Okay. I will add that reference.

================
Comment at: test/CodeGen/X86/sse-schedule.ll:6084
 ; BTVER2-SSE:       # %bb.0:
-; BTVER2-SSE-NEXT:    xorps %xmm1, %xmm0 # sched: [1:0.50]
+; BTVER2-SSE-NEXT:    xorps %xmm1, %xmm0 # sched: [?:?]
 ; BTVER2-SSE-NEXT:    xorps (%rdi), %xmm0 # sched: [6:1.00]
----------------
RKSimon wrote:
> This is unfortunate - ideally we'd keep [1:0.50] here and zero idioms would get [0:0.50]
I should have mentioned this in the summary. The existing functionality used to obtain the latency from a MCInst doesn't know how to resolve variant scheduling classes. So, it accepts a machine opcode ID, and it bails out if the scheduling class identifier from the opcode descriptor refers to a variant class.
The idea is to fix it. However, it would be a follow-up patch. I can add a FIXME comment there.

================
Comment at: test/tools/llvm-mca/X86/BtVer2/zero-idioms.s:32
+# CHECK-NEXT:  1      0      -                          pxor	%xmm2, %xmm2
+# CHECK-NEXT:  1      0      -                          vpxor	%xmm3, %xmm3, %xmm3
+
----------------
RKSimon wrote:
> Should the RThroughput still be limited to by issue width?
It doesn't take into account the issue width. In this case, the MCSchedInfo method returned an invalid RThroughput (an Optional<double>).
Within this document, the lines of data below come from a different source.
(* Let $T=(V,E)$ be a tree rooted at $r$, $w:V\to\mathbb R_{\ge0}$, and $C$ a partial coloring with domain $\mathrm{support}(w)=\{v:w(v)>0\}$. Assume: (i) there are no $x,y,z\in\mathrm{support}(w)$ with $y$ on the path from $x$ to $z$ and $C(x)=C(z)\neq C(y)$; (ii) no vertex lies in $\mathrm{carrier}(d_1,C)\cap\mathrm{carrier}(d_2,C)\cap\mathrm{carrier}(d_3,C)$ for three distinct colors. For each color $d$ let $r_d$ be the root (vertex closest to $r$) of $\mathrm{carrier}(d,C)$, and let $d_0$ be a color with $r_{d_0}$ at maximum distance from $r$; assume $r_{d_0}\neq r$ and let $s$ be the parent of $r_{d_0}$. Let $\bar T$ be the subtree of all descendants of $r_{d_0}$ (including $r_{d_0}$) and $\hat T=T\setminus\bar T$. Assume further that there is a color $d'\neq d_0$ with $C(V(\bar T))=\{d_0,d'\}$ and $r_{d_0}\in\mathrm{carrier}(d_0,C)\cap\mathrm{carrier}(d',C)$. All costs below are relative to $C|_{V(\bar T)}$ and $w|_{V(\bar T)}$. Let $C_{high}$ be the coloring of $V(\bar T)$ assigning $d_0$ to every vertex; let $C_{medium}$ be a minimum-cost convex coloring of $\bar T$ with colors in $\{d_0,d'\}$ among those that either equal $C_{high}$ or color $r_{d_0}$ by $d'$; let $C_{min}$ be a minimum-cost convex coloring of $\bar T$ with colors in $\{d_0,d'\}$. Define $(T',C',w_1)$: $T'$ is obtained from $T$ by replacing $\bar T$ with a two-vertex path consisting of $r_{d_0}$ (a child of $s$) and a single child $v_0$ of $r_{d_0}$; $w_1(v)=w(v)$ and $C'(v)=C(v)$ for $v\in V(\hat T)$; $w_1(r_{d_0})=\mathrm{cost}(C_{medium})-\mathrm{cost}(C_{min})$ and $w_1(v_0)=\mathrm{cost}(C_{high})-\mathrm{cost}(C_{min})$; $C'(r_{d_0})=d_0$ if $w_1(r_{d_0})>0$ and $C'(v_0)=d'$ if $w_1(v_0)>0$ (otherwise they are uncolored). Then $$\mathrm{OPT}(T',C',w_1)=\mathrm{OPT}(T,C,w)-\mathrm{cost}(C_{min}).$$
   Context: For a partial coloring $C$ and color $d$, $\mathrm{carrier}(d,C)$ is the minimal connected subtree containing all vertices $v$ with $C(v)=d$. A partial coloring of a tree is convex if it can be extended to a total coloring in which every color class induces a connected subtree. For a (partial) input coloring $C$ with weights $w$ and a convex total coloring $C''$, $\mathrm{cost}(C'')=w(\{v\in\mathrm{Domain}(C): C''(v)\neq C(v)\})$, and $\mathrm{OPT}(T,C,w)$ is the minimum cost of a convex total coloring of $T$ (equivalently the minimum weight of a set $X$ such that $C$ restricted to $\mathrm{Domain}(C)\setminus X$ is convex). *)

theory Defs
  imports Complex_Main
begin

text \<open>The (undirected) edges are the pairs
  {v, par v} for v different from the root.\<close>

record 'v rtree =
  verts :: "'v set"
  par   :: "'v \<Rightarrow> 'v"
  root  :: 'v

definition rooted_tree :: "'v rtree \<Rightarrow> bool" where
  "rooted_tree T \<longleftrightarrow> finite (verts T) \<and> root T \<in> verts T \<and> par T (root T) = root T
     \<and> (\<forall>v\<in>verts T. par T v \<in> verts T)
     \<and> (\<forall>v\<in>verts T. \<exists>k. (par T ^^ k) v = root T)"

definition adj :: "'v rtree \<Rightarrow> 'v \<Rightarrow> 'v \<Rightarrow> bool" where
  "adj T u v \<longleftrightarrow> u \<in> verts T \<and> v \<in> verts T \<and> u \<noteq> v \<and> (par T u = v \<or> par T v = u)"

text \<open>S induces a connected subgraph (the empty set counts as connected).\<close>
definition connected_in :: "'v rtree \<Rightarrow> 'v set \<Rightarrow> bool" where
  "connected_in T S \<longleftrightarrow> S \<subseteq> verts T \<and>
     (\<forall>x\<in>S. \<forall>y\<in>S. (x, y) \<in> {(u, v). u \<in> S \<and> v \<in> S \<and> adj T u v}\<^sup>*)"

definition conn_hull :: "'v rtree \<Rightarrow> 'v set \<Rightarrow> 'v set" where
  "conn_hull T A = \<Inter> {S. connected_in T S \<and> A \<subseteq> S}"

definition tpath :: "'v rtree \<Rightarrow> 'v \<Rightarrow> 'v \<Rightarrow> 'v set" where
  "tpath T x z = conn_hull T {x, z}"

definition carrier :: "'v rtree \<Rightarrow> ('v \<rightharpoonup> 'c) \<Rightarrow> 'c \<Rightarrow> 'v set" where
  "carrier T C d = conn_hull T {v \<in> verts T. C v = Some d}"

definition depth :: "'v rtree \<Rightarrow> 'v \<Rightarrow> nat" where
  "depth T v = (LEAST k. (par T ^^ k) v = root T)"

definition carrier_root :: "'v rtree \<Rightarrow> ('v \<rightharpoonup> 'c) \<Rightarrow> 'c \<Rightarrow> 'v" where
  "carrier_root T C d = (THE u. u \<in> carrier T C d \<and> (\<forall>x\<in>carrier T C d. depth T u \<le> depth T x))"

definition descendants :: "'v rtree \<Rightarrow> 'v \<Rightarrow> 'v set" where
  "descendants T v = {u \<in> verts T. \<exists>k. (par T ^^ k) u = v}"

text \<open>Total coloring (only its values on verts T matter) whose colour classes are connected.\<close>
definition convex_total :: "'v rtree \<Rightarrow> ('v \<Rightarrow> 'c) \<Rightarrow> bool" where
  "convex_total T C2 \<longleftrightarrow> (\<forall>c. connected_in T {v \<in> verts T. C2 v = c})"

definition cost :: "'v rtree \<Rightarrow> ('v \<rightharpoonup> 'c) \<Rightarrow> ('v \<Rightarrow> real) \<Rightarrow> ('v \<Rightarrow> 'c) \<Rightarrow> real" where
  "cost T C w C2 = (\<Sum>v \<in> {v \<in> verts T. C v \<noteq> None \<and> C v \<noteq> Some (C2 v)}. w v)"

definition OPT :: "'v rtree \<Rightarrow> ('v \<rightharpoonup> 'c) \<Rightarrow> ('v \<Rightarrow> real) \<Rightarrow> real" where
  "OPT T C w = Min {cost T C w C2 | C2. convex_total T C2}"

end

theory Submission
  imports Defs
begin

text \<open>
  A convex colouring of T is the same as convex colourings of the upper part \<open>Vhat\<close> and of the
  subtree \<open>Vbar\<close> below \<open>rd0\<close> that share a colour only if it is the colour of both ends of the
  edge from \<open>rd0\<close> to its parent s; likewise for T', with the path \<open>rd0\<close>--\<open>v0\<close> in place
  of \<open>Vbar\<close>. Inside \<open>Vbar\<close> only d0 and d' occur, and d0 occurs nowhere else, so a colouring
  of \<open>Vbar\<close> can always be improved to one using only d0 and d' (colour the subtree of the top
  of one colour class by that colour and the rest by the other). Hence, according to which of d0
  and d' are also used above \<open>Vbar\<close>, the cheapest completion inside \<open>Vbar\<close> costs at least
  cost(C_min), cost(C_medium) or cost(C_high), and these bounds are attained. The weights of
  \<open>rd0\<close> and \<open>v0\<close> in the reduced instance charge exactly the surcharges over cost(C_min), so
  colourings can be translated in both directions with costs differing by cost(C_min).
\<close>

section \<open>Connectivity with respect to a parent function\<close>

text \<open>Adjacency and connectivity depend on the parent function only, so that they apply verbatim
  to the modified parent function of the reduced tree.\<close>

definition link :: "('v \<Rightarrow> 'v) \<Rightarrow> 'v \<Rightarrow> 'v \<Rightarrow> bool" where
  "link p u v \<longleftrightarrow> u \<noteq> v \<and> (p u = v \<or> p v = u)"

definition link_rel :: "('v \<Rightarrow> 'v) \<Rightarrow> 'v set \<Rightarrow> ('v \<times> 'v) set" where
  "link_rel p S = {(u, v). u \<in> S \<and> v \<in> S \<and> link p u v}"

definition linked :: "('v \<Rightarrow> 'v) \<Rightarrow> 'v set \<Rightarrow> bool" where
  "linked p S \<longleftrightarrow> (\<forall>x\<in>S. \<forall>y\<in>S. (x, y) \<in> (link_rel p S)\<^sup>*)"

lemma link_sym: "link p u v \<longleftrightarrow> link p v u"
  unfolding link_def by auto

lemma link_rel_rtrancl_sym: "(x, y) \<in> (link_rel p S)\<^sup>* \<Longrightarrow> (y, x) \<in> (link_rel p S)\<^sup>*"
  by (rule symD[OF sym_rtrancl]) (auto simp: sym_def link_rel_def link_sym)

lemma link_rel_rtrancl_mono:
  "S \<subseteq> S' \<Longrightarrow> (x, y) \<in> (link_rel p S)\<^sup>* \<Longrightarrow> (x, y) \<in> (link_rel p S')\<^sup>*"
  by (erule rtrancl_mono[THEN subsetD, rotated]) (auto simp: link_rel_def)

lemma linked_cong: "(\<And>x. x \<in> S \<Longrightarrow> p x = q x) \<Longrightarrow> linked p S \<longleftrightarrow> linked q S"
proof -
  assume "\<And>x. x \<in> S \<Longrightarrow> p x = q x"
  then have "link_rel p S = link_rel q S" unfolding link_rel_def link_def by auto
  then show ?thesis unfolding linked_def by simp
qed

lemma linked_subsingleton [simp]: "linked p {}" "linked p {x}"
  unfolding linked_def by simp_all

lemma linkedD: "linked p S \<Longrightarrow> x \<in> S \<Longrightarrow> y \<in> S \<Longrightarrow> (x, y) \<in> (link_rel p S)\<^sup>*"
  unfolding linked_def by simp

lemma linkedI_hub:
  assumes "\<And>x. x \<in> S \<Longrightarrow> (x, h) \<in> (link_rel p S)\<^sup>*"
  shows "linked p S"
  unfolding linked_def
proof (intro ballI)
  fix x y assume "x \<in> S" "y \<in> S"
  show "(x, y) \<in> (link_rel p S)\<^sup>*"
    by (rule rtrancl_trans[OF assms[OF \<open>x \<in> S\<close>] link_rel_rtrancl_sym[OF assms[OF \<open>y \<in> S\<close>]]])
qed

lemma linked_Un_link:
  assumes A: "linked p A" and B: "linked p B" and "x \<in> A" "y \<in> B" "link p x y"
  shows "linked p (A \<union> B)"
proof (rule linkedI_hub)
  fix z assume z: "z \<in> A \<union> B"
  have yx: "(y, x) \<in> (link_rel p (A \<union> B))\<^sup>*"
    using assms(3-5) link_sym[of p x y] by (intro r_into_rtrancl) (simp add: link_rel_def)
  show "(z, x) \<in> (link_rel p (A \<union> B))\<^sup>*"
  proof (cases "z \<in> A")
    case True
    show ?thesis by (rule link_rel_rtrancl_mono[OF Un_upper1 linkedD[OF A True \<open>x \<in> A\<close>]])
  next
    case False
    then have "z \<in> B" using z by simp
    then have "(z, y) \<in> (link_rel p (A \<union> B))\<^sup>*"
      by (rule link_rel_rtrancl_mono[OF Un_upper2 linkedD[OF B _ \<open>y \<in> B\<close>]])
    then show ?thesis using yx by (rule rtrancl_trans)
  qed
qed

lemma linked_subset_link:
  assumes "link p a b" "S \<subseteq> {a, b}"
  shows "linked p S"
proof -
  have "linked p ({a} \<union> {b})" using assms(1) by (intro linked_Un_link) auto
  then have ab: "linked p {a, b}" by (simp only: Un_insert_left Un_empty_left)
  have "S = {} \<or> S = {a} \<or> S = {b} \<or> S = {a, b}" using assms(2) by blast
  then show ?thesis using ab by (elim disjE) simp_all
qed

definition sole_exit :: "('v \<Rightarrow> 'v) \<Rightarrow> 'v set \<Rightarrow> 'v set \<Rightarrow> 'v \<Rightarrow> 'v \<Rightarrow> bool" where
  "sole_exit p S P a b \<longleftrightarrow> (\<forall>u\<in>S. \<forall>v\<in>S. link p u v \<longrightarrow> u \<in> P \<longrightarrow> v \<notin> P \<longrightarrow> u = a \<and> v = b)"

lemma sole_exit_subset: "sole_exit p W P a b \<Longrightarrow> S \<subseteq> W \<Longrightarrow> sole_exit p S P a b"
  unfolding sole_exit_def by blast

lemma sole_exit_Compl: "sole_exit p S P a b \<Longrightarrow> sole_exit p S (- P) b a"
  unfolding sole_exit_def by (metis ComplD ComplI link_sym)

lemma walk_sole_exit:
  assumes walk: "(x, y) \<in> (link_rel p S)\<^sup>*" and x: "x \<in> S \<inter> P" and exit: "sole_exit p S P a b"
  shows "(y \<in> P \<longrightarrow> (x, y) \<in> (link_rel p (S \<inter> P))\<^sup>*) \<and>
         (y \<notin> P \<longrightarrow> (x, a) \<in> (link_rel p (S \<inter> P))\<^sup>* \<and> a \<in> S \<and> b \<in> S)"
  using walk
proof (induction rule: rtrancl_induct)
  case base
  then show ?case using x by blast
next
  case (step y z)
  then have yz: "y \<in> S" "z \<in> S" "link p y z" by (auto simp: link_rel_def)
  show ?case
  proof (cases "y \<in> P"; cases "z \<in> P")
    assume "y \<in> P" "z \<in> P"
    then have "(y, z) \<in> link_rel p (S \<inter> P)" using yz by (auto simp: link_rel_def)
    with step.IH \<open>y \<in> P\<close> \<open>z \<in> P\<close> show ?thesis by (simp add: rtrancl_into_rtrancl)
  next
    assume "y \<in> P" "z \<notin> P"
    then have "y = a \<and> z = b" using yz exit unfolding sole_exit_def by blast
    then show ?thesis using step.IH yz \<open>y \<in> P\<close> \<open>z \<notin> P\<close> by simp
  next
    assume "y \<notin> P" "z \<in> P"
    then have "z = a" using yz exit link_sym unfolding sole_exit_def by metis
    then show ?thesis using step.IH \<open>y \<notin> P\<close> \<open>z \<in> P\<close> by simp
  next
    assume "y \<notin> P" "z \<notin> P"
    then show ?thesis using step.IH by simp
  qed
qed

lemma linked_Int_sole_exit:
  assumes "linked p S" "sole_exit p S P a b"
  shows "linked p (S \<inter> P)"
  unfolding linked_def
proof (intro ballI)
  fix x y assume x: "x \<in> S \<inter> P" and y: "y \<in> S \<inter> P"
  have "(x, y) \<in> (link_rel p S)\<^sup>*" using assms(1) x y by (simp add: linkedD)
  from walk_sole_exit[OF this x assms(2)] y show "(x, y) \<in> (link_rel p (S \<inter> P))\<^sup>*" by simp
qed

lemma linked_Diff_sole_exit: "linked p S \<Longrightarrow> sole_exit p S P a b \<Longrightarrow> linked p (S - P)"
  using linked_Int_sole_exit[OF _ sole_exit_Compl] by (simp add: Diff_eq)

lemma sole_exit_crossed:
  assumes "linked p S" "sole_exit p S P a b" and x: "x \<in> S \<inter> P" and y: "y \<in> S - P"
  shows "a \<in> S \<and> b \<in> S"
proof -
  have "(x, y) \<in> (link_rel p S)\<^sup>*" using assms(1) x y by (simp add: linkedD)
  from walk_sole_exit[OF this x assms(2)] y show ?thesis by simp
qed

lemma exit_link:
  assumes "linked p W" "K \<subseteq> W" "x \<in> K" "y \<in> W - K"
  shows "\<exists>u\<in>K. \<exists>v\<in>W - K. link p u v"
proof -
  have "(x, y) \<in> (link_rel p W)\<^sup>*" using assms by (simp add: linkedD subsetD)
  then have "y \<in> K \<or> (\<exists>u\<in>K. \<exists>v\<in>W - K. link p u v)"
  proof (induction rule: rtrancl_induct)
    case (step y z)
    then show ?case unfolding link_rel_def by blast
  qed (use assms in simp)
  then show ?thesis using assms by auto
qed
On the other hand, the Block RThroughput correctly reports 3.0 for the sequence of 6 instructions (for a total of 6 uOps).

================
Comment at: tools/llvm-mca/InstrBuilder.cpp:385
+    SchedClassID =
+        STI.resolveVariantSchedClass(SchedClassID, &MCI, SM.getProcessorID());
+  }
----------------
RKSimon wrote:
> Drop braces - also is it worth pulling out SM.getProcessorID()? It might get this down to a single line for tidiness.
Okay. I will fix it.

https://reviews.llvm.org/D47374